Zuma met Delaware Senator Chris Coons, the chair of the Senate foreign relations subcommittee on African affairs, Senator Robert Menendez of New Jersey, and Representative Ed Royce, the chairman of the House of Representatives foreign affairs committee.
Zuma is in Washington for President Barack Obama’s US-Africa summit, which climaxes with a meeting between Obama and about 40 African heads of state and government today.
Though the Obama administration has made clear that it supports the renewal of Agoa with South Africa’s continued participation, when it expires next year, it is Congress that will make the decision.
Important US business interests have lobbied these three and other Congress legislators to oppose South Africa’s continued participation because, they say, as an upper-middle-income country it does not need Agoa benefits – and also because they complain it is discriminating against US imports.

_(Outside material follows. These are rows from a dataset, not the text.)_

abbreviation K :: nat where "K \<equiv> Lcm (k ` {1..n})"
abbreviation M :: "(nat \<Rightarrow> nat) \<Rightarrow> nat" where "M d \<equiv> Lcm (d ` {1..n})"
abbreviation L :: "(nat \<Rightarrow> nat) \<Rightarrow> nat" where "L d \<equiv> K div M d"
abbreviation D :: "(nat \<Rightarrow> nat) set" where "D \<equiv> divtuples n k"
abbreviation totient_prod :: "(nat \<Rightarrow> nat) \<Rightarrow> real" where
  "totient_prod d \<equiv> \<Prod>i=1..n. real (totient (d i))"

lemma finite_divisors_k: "i \<in> {1..n} \<Longrightarrow> finite {d. d dvd k i}"
  using k_pos by (intro finite_divisors_nat) (auto simp: Suc_le_eq)

lemma K_pos: "K > 0"
proof -
  have "0 \<notin> k ` {1..n}"
    using k_pos by force
  thus ?thesis
    using Lcm_0_iff[of "k ` {1..n}"] by (simp add: neq0_conv[symmetric])
qed

lemma M_dvd_K:
  assumes "d \<in> D"
  shows "M d dvd K"
proof (rule Lcm_least)
  fix x assume "x \<in> d ` {1..n}"
  then obtain i where i: "i \<in> {1..n}" and x: "x = d i"
    by auto
  from assms i have "d i dvd k i"
    by (auto simp: divtuples_def PiE_iff)
  moreover have "k i dvd K"
    using i by (intro dvd_Lcm) auto
  ultimately show "x dvd K"
    unfolding x by (rule dvd_trans)
qed

lemma K_eq_M_mult_L: "d \<in> D \<Longrightarrow> K = M d * L d"
  using M_dvd_K by simp

lemma M_pos: "d \<in> D \<Longrightarrow> M d > 0"
  using K_eq_M_mult_L K_pos by (metis gr0I mult_eq_0_iff)

lemma L_pos: "d \<in> D \<Longrightarrow> L d > 0"
  using K_eq_M_mult_L K_pos by (metis gr0I mult_eq_0_iff)

lemma K_power_eq: "d \<in> D \<Longrightarrow> K ^ a = M d ^ a * L d ^ a"
  using K_eq_M_mult_L by (metis power_mult_distrib)

lemma Pfun_eq_sum_divtuples:
  "real (Pfun n a k j) = (\<Sum>d\<in>D. totient_prod d * of_bool (M d ^ a dvd j))"
proof -
  have "real (Pfun n a k j) =
        (\<Prod>i=1..n. \<Sum>e\<in>{e. e dvd k i}. real (totient e) * of_bool (e ^ a dvd j))"
    unfolding Pfun_def of_nat_prod
  proof (intro prod.cong refl)
    fix i assume i: "i \<in> {1..n}"
    have "{e. e dvd k i \<and> e ^ a dvd j} = {e. e dvd k i} \<inter> {e. e ^ a dvd j}"
      by auto
    thus "real (\<Sum>e\<in>{e. e dvd k i \<and> e ^ a dvd j}. totient e) =
          (\<Sum>e\<in>{e. e dvd k i}. real (totient e) * of_bool (e ^ a dvd j))"
      using finite_divisors_k[OF i] by (simp add: of_nat_sum)
  qed
  also have "\<dots> = (\<Sum>d\<in>D. \<Prod>i=1..n. real (totient (d i)) * of_bool (d i ^ a dvd j))"
    unfolding divtuples_def by (rule prod_sum_PiE) (auto intro: finite_divisors_k)
  also have "\<dots> = (\<Sum>d\<in>D. totient_prod d * of_bool (M d ^ a dvd j))"
  proof (intro sum.cong refl)
    fix d :: "nat \<Rightarrow> nat"
    have "(\<forall>x\<in>d ` {1..n}. x ^ a dvd j) \<longleftrightarrow> M d ^ a dvd j"
      by (intro powers_dvd_iff_Lcm_power_dvd) auto
    hence "(\<Prod>i=1..n. of_bool (d i ^ a dvd j) :: real) = of_bool (M d ^ a dvd j)"
      by (auto simp: prod_zero_iff intro!: prod.neutral)
    thus "(\<Prod>i=1..n. real (totient (d i)) * of_bool (d i ^ a dvd j)) =
          totient_prod d * of_bool (M d ^ a dvd j)"
      by (simp add: prod.distrib)
  qed
  finally show ?thesis .
qed

lemma sum_totient_prod: "(\<Sum>d\<in>D. totient_prod d) = real (\<Prod>i=1..n. k i)"
proof -
  have "(\<Sum>d\<in>D. totient_prod d) = (\<Prod>i=1..n. \<Sum>e\<in>{e. e dvd k i}. real (totient e))"
    unfolding divtuples_def by (rule prod_sum_PiE[symmetric]) (auto intro: finite_divisors_k)
  also have "\<dots> = (\<Prod>i=1..n. real (k i))"
    by (simp flip: of_nat_sum add: totient_divisor_sum)
  finally show ?thesis
    by simp
qed

lemma sum_times_Pfun:
  assumes "finite J"
  shows "(\<Sum>j\<in>J. f j * real (Pfun n a k j)) =
         (\<Sum>d\<in>D. totient_prod d * (\<Sum>j\<in>J. if M d ^ a dvd j then f j else 0))"
  unfolding Pfun_eq_sum_divtuples sum_distrib_left
  by (subst sum.swap) (auto intro!: sum.cong)

lemma sum_ln_Gamma_Pfun:
  "(\<Sum>j=1..K^a. ln (Gamma (real j / real (K^a))) * real (Pfun n a k j)) =
     real (K^a) / 2 * ln (2 * pi) * (\<Sum>d\<in>D. totient_prod d / real (M d) ^ a)
     - real (\<Prod>i=1..n. k i) / 2 * ln (2 * pi * real (K^a))
     + real a / 2 * (\<Sum>d\<in>D. ln (real (M d)) * totient_prod d)"
  (is "?lhs = ?rhs")
proof -
  have rearrange:
    "t * ((y ^ a - 1) / 2 * ln (2 * pi) - ln (y ^ a) / 2) =
     x ^ a * y ^ a / 2 * ln (2 * pi) * (t / x ^ a) - t / 2 * ln (2 * pi * (x ^ a * y ^ a))
     + real a / 2 * (ln x * t)" if "x > 0" "y > 0" for x y t :: real
  proof -
    have "ln (2 * pi * (x ^ a * y ^ a)) = ln (2 * pi) + real a * ln x + real a * ln y"
      using that by (simp add: ln_mult ln_realpow)
    thus ?thesis
      using that by (simp add: ln_realpow field_simps)
  qed
  have "totient_prod d * (\<Sum>j=1..K^a. if M d ^ a dvd j then ln (Gamma (real j / real (K^a))) else 0) =
        real (K^a) / 2 * ln (2 * pi) * (totient_prod d / real (M d) ^ a)
        - totient_prod d / 2 * ln (2 * pi * real (K^a))
        + real a / 2 * (ln (real (M d)) * totient_prod d)" if d: "d \<in> D" for d
  proof -
    have "real (M d) > 0" "real (L d) > 0"
      using M_pos[OF d] L_pos[OF d] by simp_all
    note rearrange[OF this, of "totient_prod d"]
    thus ?thesis
      unfolding K_power_eq[OF d]
        sum_ln_Gamma_multiples[OF M_pos[OF d, THEN zero_less_power] L_pos[OF d, THEN zero_less_power]]
      by simp
  qed
  hence "?lhs = (\<Sum>d\<in>D. real (K^a) / 2 * ln (2 * pi) * (totient_prod d / real (M d) ^ a)
                  - totient_prod d / 2 * ln (2 * pi * real (K^a))
                  + real a / 2 * (ln (real (M d)) * totient_prod d))"
    unfolding sum_times_Pfun[OF finite_atLeastAtMost] by (rule sum.cong[OF refl])
  also have "\<dots> = ?rhs"
    by (simp only: sum.distrib sum_subtractf sum_distrib_left sum_distrib_right sum_divide_distrib
        sum_totient_prod[symmetric])
  finally show ?thesis .
qed

lemma sum_binomial_Pfun:
  "(\<Sum>j=0..K^a. real (K^a choose j) * real (Pfun n a k j)) =
     2 ^ (K^a) * (\<Sum>d\<in>D. totient_prod d / real (M d) ^ a *
        (\<Sum>l=1..M d ^ a. (-1) ^ (l * L d ^ a) * cos (pi * real l / real (M d ^ a)) ^ (K^a)))"
  (is "?lhs = 2 ^ (K^a) * (\<Sum>d\<in>D. ?term d)")
proof -
  have "totient_prod d * (\<Sum>j=0..K^a. if M d ^ a dvd j then real (K^a choose j) else 0) =
        2 ^ (K^a) * ?term d" if d: "d \<in> D" for d
    unfolding sum_binomial_multiples[OF M_pos[OF d, THEN zero_less_power] K_power_eq[OF d]] by simp
  hence "?lhs = (\<Sum>d\<in>D. 2 ^ (K^a) * ?term d)"
    unfolding sum_times_Pfun[OF finite_atLeastAtMost] by (rule sum.cong[OF refl])
  thus ?thesis
    by (simp only: sum_distrib_left)
qed

lemma sum_bernpoly_Pfun:
  "(\<Sum>j=0..<K^a. bernpoly m (real j / real (K^a)) * real (Pfun n a k j)) =
     bernoulli m / real K powi (int a * (int m - 1)) *
     (\<Sum>d\<in>D. real (M d) powi (int a * (int m - 1)) * totient_prod d)"
  (is "?lhs = ?c * (\<Sum>d\<in>D. ?term d)")
proof -
  let ?e = "int a * (int m - 1)"
  have "totient_prod d * (\<Sum>j=0..<K^a. if M d ^ a dvd j then bernpoly m (real j / real (K^a)) else 0) =
        ?c * ?term d" if d: "d \<in> D" for d
  proof -
    have "real (L d ^ a) powi (1 - int m) = inverse (real (L d) powi ?e)"
      by (simp add: power_int_power power_int_minus[symmetric] algebra_simps)
    also have "real K = real (M d) * real (L d)"
      using K_eq_M_mult_L[OF d] by (metis of_nat_mult)
    hence "inverse (real (L d) powi ?e) = real (M d) powi ?e / real K powi ?e"
      using M_pos[OF d] by (simp add: power_int_mult_distrib field_simps)
    finally show ?thesis
      unfolding K_power_eq[OF d]
        sum_bernpoly_multiples[OF M_pos[OF d, THEN zero_less_power] L_pos[OF d, THEN zero_less_power]]
      by simp
  qed
  hence "?lhs = (\<Sum>d\<in>D. ?c * ?term d)"
    unfolding sum_times_Pfun[OF finite_atLeastLessThan] by (rule sum.cong[OF refl])
  thus ?thesis
    by (simp only: sum_distrib_left)
qed

lemma sum_bernpoly_one_Pfun:
  "(\<Sum>j=0..<K^a. bernpoly 1 (real j / real (K^a)) * real (Pfun n a k j)) = - real (\<Prod>i=1..n. k i) / 2"
  using sum_bernpoly_Pfun[of 1] bernoulli_one sum_totient_prod by simp

end

theorem mainTheorem13:
  fixes n a :: nat and k :: "nat \<Rightarrow> nat"
  assumes "n \<ge> 1" and "a \<ge> 2" and "\<And>i. i \<in> {1..n} \<Longrightarrow> k i \<ge> 1"
  defines "K \<equiv> Lcm (k ` {1..n})"
  defines "M \<equiv> (\<lambda>d::nat \<Rightarrow> nat. Lcm (d ` {1..n}))"
  defines "L \<equiv> (\<lambda>d::nat \<Rightarrow> nat. K div M d)"
  defines "P \<equiv> Pfun n a k"
  defines "D \<equiv> divtuples n k"
  shows
    "((\<Sum>j=1..K^a. ln (Gamma (real j / real (K^a))) * real (P j)) =
       real (K^a) / 2 * ln (2 * pi) * (\<Sum>d\<in>D. (\<Prod>i=1..n. real (totient (d i))) / real (M d) ^ a)
       - real (\<Prod>i=1..n. k i) / 2 * ln (2 * pi * real (K^a))
       + real a / 2 * (\<Sum>d\<in>D. ln (real (M d)) * (\<Prod>i=1..n. real (totient (d i))))) \<and>
    ((\<Sum>j=0..K^a. real (K^a choose j) * real (P j)) =
       2 ^ (K^a) * (\<Sum>d\<in>D. (\<Prod>i=1..n. real (totient (d i))) / real (M d) ^ a *
          (\<Sum>l=1..M d ^ a. (-1) ^ (l * L d ^ a) * cos (pi * real l / real (M d ^ a)) ^ (K^a)))) \<and>
    (\<forall>m::nat. (\<Sum>j=0..<K^a. bernpoly m (real j / real (K^a)) * real (P j)) =
       bernoulli m / real K powi (int a * (int m - 1)) *
       (\<Sum>d\<in>D. real (M d) powi (int a * (int m - 1)) * (\<Prod>i=1..n. real (totient (d i))))) \<and>
    ((\<Sum>j=0..<K^a. bernpoly 1 (real j / real (K^a)) * real (P j)) = - real (\<Prod>i=1..n. k i) / 2)"
proof -
  interpret divisor_tuples n a k
    using assms(3) by unfold_locales
  show ?thesis
    unfolding K_def M_def L_def P_def D_def
    using sum_ln_Gamma_Pfun sum_binomial_Pfun sum_bernpoly_Pfun sum_bernpoly_one_Pfun by blast
qed

end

On Monday Minister of Trade and Industry Rob Davies participated in the Agoa Forum, where the future of the initiative was discussed. He told journalists that broad agreement had been reached between African governments and the US administration and legislators that Agoa should be renewed, with improvements.
Davies said that US Secretary of State John Kerry, US Trade Representative Michael Froman and key legislators from the Democratic and Republican parties had participated in the forum. All had agreed that Agoa should be renewed and that this could happen before the end of this year, he said.

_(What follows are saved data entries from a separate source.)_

(* Let $(\Omega,\mathcal{F})$ be a measurable space, $\mathrm{B}_b$ the space of bounded real-valued measurable functions on $\Omega$, and $C\subset\mathrm{B}_b$ with $0\in C$ and $X+m\in C$ for all $X\in C$, $m\in\mathbb{R}$. Let $H\colon C\to\mathbb{R}$ be a premium principle and define $$R_{\mathrm{Max}}(X):=\inf\{H(X_0)\mid X_0\in C,\ X_0\ge X\},\quad X\in\mathrm{B}_b.$$ Then $R_{\mathrm{Max}}\colon\mathrm{B}_b\to\mathbb{R}$ is a risk measure with $R_{\mathrm{Max}}(X)\le H(X)$ for all $X\in C$; moreover $D_{\mathrm{Min}}(X):=H(X)-R_{\mathrm{Max}}(X)$ defines a deviation measure on $C$, and $H(X)=R_{\mathrm{Max}}(X)+D_{\mathrm{Min}}(X)$ for all $X\in C$. For every other decomposition $H(X)=R(X)+D(X)$, $X\in C$, with a risk measure $R\colon\mathrm{B}_b\to\mathbb{R}$ and a deviation measure $D\colon C\to\mathbb{R}$, one has $R\le R_{\mathrm{Max}}$ (on $\mathrm{B}_b$) and $D\ge D_{\mathrm{Min}}$ (on $C$).
   Context: Constants are identified with constant functions; $\le$ is the pointwise order. A premium principle is a map $H\colon C\to\mathbb{R}$ with (P1) $H(X+m)=H(X)+m$ for $X\in C$, $m\in\mathbb{R}$, and (P2) $H(0)=0$ and $H(X)\ge0$ for $X\in C$ with $X\ge0$. A risk measure is a map $R\colon\mathrm{B}_b\to\mathbb{R}$ with $R(X+m)=R(X)+m$ for $X\in\mathrm{B}_b$, $m\in\mathbb{R}$, $R(0)=0$, and $R(X)\le R(Y)$ whenever $X\le Y$. A deviation measure is a map $D\colon C\to\mathbb{R}$ with $D(X+m)=D(X)$ for $X\in C$, $m\in\mathbb{R}$, $D(0)=0$, and $D\ge0$ on $C$. *)

theory Defs
  imports "HOL-Analysis.Analysis"
begin

definition Bb :: "'a measure \<Rightarrow> ('a \<Rightarrow> real) set" where
  "Bb M = {X. X \<in> borel_measurable M \<and> (\<exists>B. \<forall>\<omega>\<in>space M. \<bar>X \<omega>\<bar> \<le> B)}"

definition fle :: "'a measure \<Rightarrow> ('a \<Rightarrow> real) \<Rightarrow> ('a \<Rightarrow> real) \<Rightarrow> bool" where
  "fle M X Y \<longleftrightarrow> (\<forall>\<omega>\<in>space M. X \<omega> \<le> Y \<omega>)"

definition premium_principle ::
  "'a measure \<Rightarrow> ('a \<Rightarrow> real) set \<Rightarrow> (('a \<Rightarrow> real) \<Rightarrow> real) \<Rightarrow> bool" where
  "premium_principle M C H \<longleftrightarrow>
     (\<forall>X\<in>C. \<forall>m. H (\<lambda>\<omega>. X \<omega> + m) = H X + m) \<and>
     H (\<lambda>_. 0) = 0 \<and>
     (\<forall>X\<in>C. fle M (\<lambda>_. 0) X \<longrightarrow> H X \<ge> 0)"

definition risk_measure :: "'a measure \<Rightarrow> (('a \<Rightarrow> real) \<Rightarrow> real) \<Rightarrow> bool" where
  "risk_measure M R \<longleftrightarrow>
     (\<forall>X\<in>Bb M. \<forall>m. R (\<lambda>\<omega>. X \<omega> + m) = R X + m) \<and>
     R (\<lambda>_. 0) = 0 \<and>
     (\<forall>X\<in>Bb M. \<forall>Y\<in>Bb M. fle M X Y \<longrightarrow> R X \<le> R Y)"

definition deviation_measure ::
  "'a measure \<Rightarrow> ('a \<Rightarrow> real) set \<Rightarrow> (('a \<Rightarrow> real) \<Rightarrow> real) \<Rightarrow> bool" where
  "deviation_measure M C D \<longleftrightarrow>
     (\<forall>X\<in>C. \<forall>m. D (\<lambda>\<omega>. X \<omega> + m) = D X) \<and>
     D (\<lambda>_. 0) = 0 \<and>
     (\<forall>X\<in>C. D X \<ge> 0)"

definition R_Max ::
  "'a measure \<Rightarrow> ('a \<Rightarrow> real) set \<Rightarrow> (('a \<Rightarrow> real) \<Rightarrow> real) \<Rightarrow> ('a \<Rightarrow> real) \<Rightarrow> real" where
  "R_Max M C H X = Inf {H X0 | X0. X0 \<in> C \<and> fle M X X0}"

definition D_Min ::
  "'a measure \<Rightarrow> ('a \<Rightarrow> real) set \<Rightarrow> (('a \<Rightarrow> real) \<Rightarrow> real) \<Rightarrow> ('a \<Rightarrow> real) \<Rightarrow> real" where
  "D_Min M C H X = H X - R_Max M C H X"

end

theory Submission
  imports Defs
begin

text \<open>Constant
  positions dominate every bounded \<open>X\<close>, and \<open>X\<^sub>0 \<ge> X \<ge> -B\<close> forces \<open>H X\<^sub>0 \<ge> -B\<close>, so the
  infimum is finite. Shifting by constants and enlarging \<open>X\<close> act on the dominating positions
  in the obvious way, so cash invariance and monotonicity pass from \<open>H\<close> to \<open>R_Max\<close>, while
  \<open>R_Max \<le> H\<close> on \<open>C\<close> makes \<open>D_Min\<close> nonnegative. For any decomposition \<open>H = R + D\<close>,
  monotonicity of \<open>R\<close> and \<open>D \<ge> 0\<close> give \<open>R X \<le> R X\<^sub>0 \<le> H X\<^sub>0\<close> for every dominating \<open>X\<^sub>0\<close>,
  hence \<open>R \<le> R_Max\<close> and, subtracting from \<open>H\<close>, \<open>D \<ge> D_Min\<close>.\<close>

lemma Bb_add_const:
  assumes "X \<in> Bb M"
  shows "(\<lambda>\<omega>. X \<omega> + m) \<in> Bb M"
proof -
  from assms obtain B where B: "\<forall>\<omega>\<in>space M. \<bar>X \<omega>\<bar> \<le> B" and "X \<in> borel_measurable M"
    unfolding Bb_def by auto
  then have "(\<lambda>\<omega>. X \<omega> + m) \<in> borel_measurable M" by measurable
  moreover have "\<forall>\<omega>\<in>space M. \<bar>X \<omega> + m\<bar> \<le> B + \<bar>m\<bar>" using B by (smt (verit))
  ultimately show ?thesis unfolding Bb_def by blast
qed

locale premium_setting =
  fixes M :: "'a measure" and C :: "('a \<Rightarrow> real) set" and H :: "('a \<Rightarrow> real) \<Rightarrow> real"
  assumes C_subset_Bb: "C \<subseteq> Bb M"
    and zero_in_C: "(\<lambda>_. 0) \<in> C"
    and C_add_const: "\<And>X m. X \<in> C \<Longrightarrow> (\<lambda>\<omega>. X \<omega> + m) \<in> C"
    and premium: "premium_principle M C H"
begin

lemma H_add_const: "X \<in> C \<Longrightarrow> H (\<lambda>\<omega>. X \<omega> + m) = H X + m"
  and H_zero: "H (\<lambda>_. 0) = 0"
  and H_nonneg: "X \<in> C \<Longrightarrow> fle M (\<lambda>_. 0) X \<Longrightarrow> H X \<ge> 0"
  using premium unfolding premium_principle_def by auto

lemma const_in_C: "(\<lambda>_. c) \<in> C"
  using C_add_const[OF zero_in_C, of c] by simp

abbreviation premiums_above :: "('a \<Rightarrow> real) \<Rightarrow> real set" where
  "premiums_above X \<equiv> {H X0 | X0. X0 \<in> C \<and> fle M X X0}"

lemma premiums_above_nonempty:
  assumes "X \<in> Bb M"
  shows "premiums_above X \<noteq> {}"
proof -
  from assms obtain B where "\<forall>\<omega>\<in>space M. \<bar>X \<omega>\<bar> \<le> B" unfolding Bb_def by auto
  then have "fle M X (\<lambda>_. B)" unfolding fle_def by force
  then show ?thesis using const_in_C by blast
qed

lemma premiums_above_bdd_below:
  assumes "X \<in> Bb M"
  shows "bdd_below (premiums_above X)"
proof -
  from assms obtain B where B: "\<forall>\<omega>\<in>space M. \<bar>X \<omega>\<bar> \<le> B" unfolding Bb_def by auto
  have "-B \<le> H X0" if "X0 \<in> C" "fle M X X0" for X0
  proof -
    have "fle M (\<lambda>_. 0) (\<lambda>\<omega>. X0 \<omega> + B)" using that(2) B unfolding fle_def by force
    then have "0 \<le> H (\<lambda>\<omega>. X0 \<omega> + B)" using H_nonneg C_add_const[OF that(1)] by blast
    then show ?thesis using H_add_const[OF that(1)] by simp
  qed
  then show ?thesis unfolding bdd_below_def by blast
qed

lemma R_Max_le_premium:
  assumes "X \<in> Bb M" "X0 \<in> C" "fle M X X0"
  shows "R_Max M C H X \<le> H X0"
  unfolding R_Max_def
  using cInf_lower[OF _ premiums_above_bdd_below[OF assms(1)]] assms(2,3) by blast

lemma R_Max_greatest:
  assumes "X \<in> Bb M" "\<And>X0. X0 \<in> C \<Longrightarrow> fle M X X0 \<Longrightarrow> r \<le> H X0"
  shows "r \<le> R_Max M C H X"
  unfolding R_Max_def using assms premiums_above_nonempty by (blast intro: cInf_greatest)

lemma R_Max_le_H: "X \<in> C \<Longrightarrow> R_Max M C H X \<le> H X"
  using C_subset_Bb by (auto intro: R_Max_le_premium simp: fle_def)

lemma R_Max_zero: "R_Max M C H (\<lambda>_. 0) = 0"
proof -
  have "R_Max M C H (\<lambda>_. 0) \<le> 0" using R_Max_le_H[OF zero_in_C] H_zero by simp
  moreover have "0 \<le> R_Max M C H (\<lambda>_. 0)"
    using zero_in_C C_subset_Bb by (blast intro: R_Max_greatest H_nonneg)
  ultimately show ?thesis by simp
qed

lemma R_Max_add_const_le:
  assumes X: "X \<in> Bb M"
  shows "R_Max M C H (\<lambda>\<omega>. X \<omega> + m) \<le> R_Max M C H X + m"
proof -
  have "R_Max M C H (\<lambda>\<omega>. X \<omega> + m) - m \<le> H X0" if "X0 \<in> C" "fle M X X0" for X0
  proof -
    have "fle M (\<lambda>\<omega>. X \<omega> + m) (\<lambda>\<omega>. X0 \<omega> + m)" using that(2) unfolding fle_def by auto
    then have "R_Max M C H (\<lambda>\<omega>. X \<omega> + m) \<le> H (\<lambda>\<omega>. X0 \<omega> + m)"
      using R_Max_le_premium Bb_add_const[OF X] C_add_const[OF that(1)] by blast
    then show ?thesis using H_add_const[OF that(1)] by simp
  qed
  then show ?thesis using R_Max_greatest[OF X] by force
qed

lemma R_Max_add_const:
  assumes X: "X \<in> Bb M"
  shows "R_Max M C H (\<lambda>\<omega>. X \<omega> + m) = R_Max M C H X + m"
proof -
  have "R_Max M C H (\<lambda>\<omega>. (X \<omega> + m) + - m) \<le> R_Max M C H (\<lambda>\<omega>. X \<omega> + m) + - m"
    using R_Max_add_const_le[OF Bb_add_const[OF X]] .
  then show ?thesis using R_Max_add_const_le[OF X, of m] by simp
qed

lemma R_Max_mono:
  assumes "X \<in> Bb M" "Y \<in> Bb M" "fle M X Y"
  shows "R_Max M C H X \<le> R_Max M C H Y"
proof (rule R_Max_greatest[OF assms(2)])
  fix X0 assume X0: "X0 \<in> C" "fle M Y X0"
  then have "fle M X X0" using assms(3) unfolding fle_def by force
  then show "R_Max M C H X \<le> H X0" using R_Max_le_premium assms(1) X0(1) by blast
qed

lemma risk_measure_R_Max: "risk_measure M (R_Max M C H)"
  unfolding risk_measure_def using R_Max_add_const R_Max_zero R_Max_mono by blast

lemma deviation_measure_D_Min: "deviation_measure M C (D_Min M C H)"
  unfolding deviation_measure_def D_Min_def
  using R_Max_add_const H_add_const C_subset_Bb R_Max_zero H_zero R_Max_le_H by auto

lemma risk_le_R_Max:
  assumes R: "risk_measure M R" and D: "deviation_measure M C D"
    and decomp: "\<forall>X\<in>C. H X = R X + D X" and X: "X \<in> Bb M"
  shows "R X \<le> R_Max M C H X"
proof (rule R_Max_greatest[OF X])
  fix X0 assume X0: "X0 \<in> C" "fle M X X0"
  then have "R X \<le> R X0" using R X C_subset_Bb unfolding risk_measure_def by blast
  moreover have "0 \<le> D X0" using D X0(1) unfolding deviation_measure_def by blast
  ultimately show "R X \<le> H X0" using decomp X0(1) by force
qed

lemma D_Min_le_deviation:
  assumes "risk_measure M R" "deviation_measure M C D"
    and decomp: "\<forall>X\<in>C. H X = R X + D X" and X: "X \<in> C"
  shows "D_Min M C H X \<le> D X"
  using risk_le_R_Max[OF assms(1-3)] X C_subset_Bb decomp unfolding D_Min_def by force

end

theorem theorem2p3:
  fixes M :: "'a measure" and C :: "('a \<Rightarrow> real) set" and H :: "('a \<Rightarrow> real) \<Rightarrow> real"
  assumes "C \<subseteq> Bb M"
    and "(\<lambda>_. 0) \<in> C"
    and "\<And>X m. X \<in> C \<Longrightarrow> (\<lambda>\<omega>. X \<omega> + m) \<in> C"
    and "premium_principle M C H"
  shows "risk_measure M (R_Max M C H)
    \<and> (\<forall>X\<in>C. R_Max M C H X \<le> H X)
    \<and> deviation_measure M C (D_Min M C H)
    \<and> (\<forall>X\<in>C. H X = R_Max M C H X + D_Min M C H X)
    \<and> (\<forall>R D. risk_measure M R \<and> deviation_measure M C D
           \<and> (\<forall>X\<in>C. H X = R X + D X)
         \<longrightarrow> (\<forall>X\<in>Bb M. R X \<le> R_Max M C H X) \<and> (\<forall>X\<in>C. D_Min M C H X \<le> D X))"
proof -
  interpret premium_setting M C H
    using assms by unfold_locales
  show ?thesis
    using risk_measure_R_Max R_Max_le_H deviation_measure_D_Min
      risk_le_R_Max D_Min_le_deviation
    by (auto simp: D_Min_def)
qed

end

Kerry had pointed out that Agoa benefited the US as well as Africa, citing the example of a Ford engine manufacturing plant in South Africa which had created 800 jobs at another Ford plant in Kansas. Froman had added that Agoa had created 120 000 jobs in the US.
“There is a feeling on both sides that we need a seamless renewal of Agoa,” Davies said, adding that South Africa wanted it renewed for 15 years, which would give potential investors certainty that if they invested in an Agoa beneficiary country to export to the US, they would not suddenly lose their preferential access
But Davies said that South Africa’s own status as a beneficiary of Agoa had not been explicitly discussed, though he suggested that there had been support for its continued participation.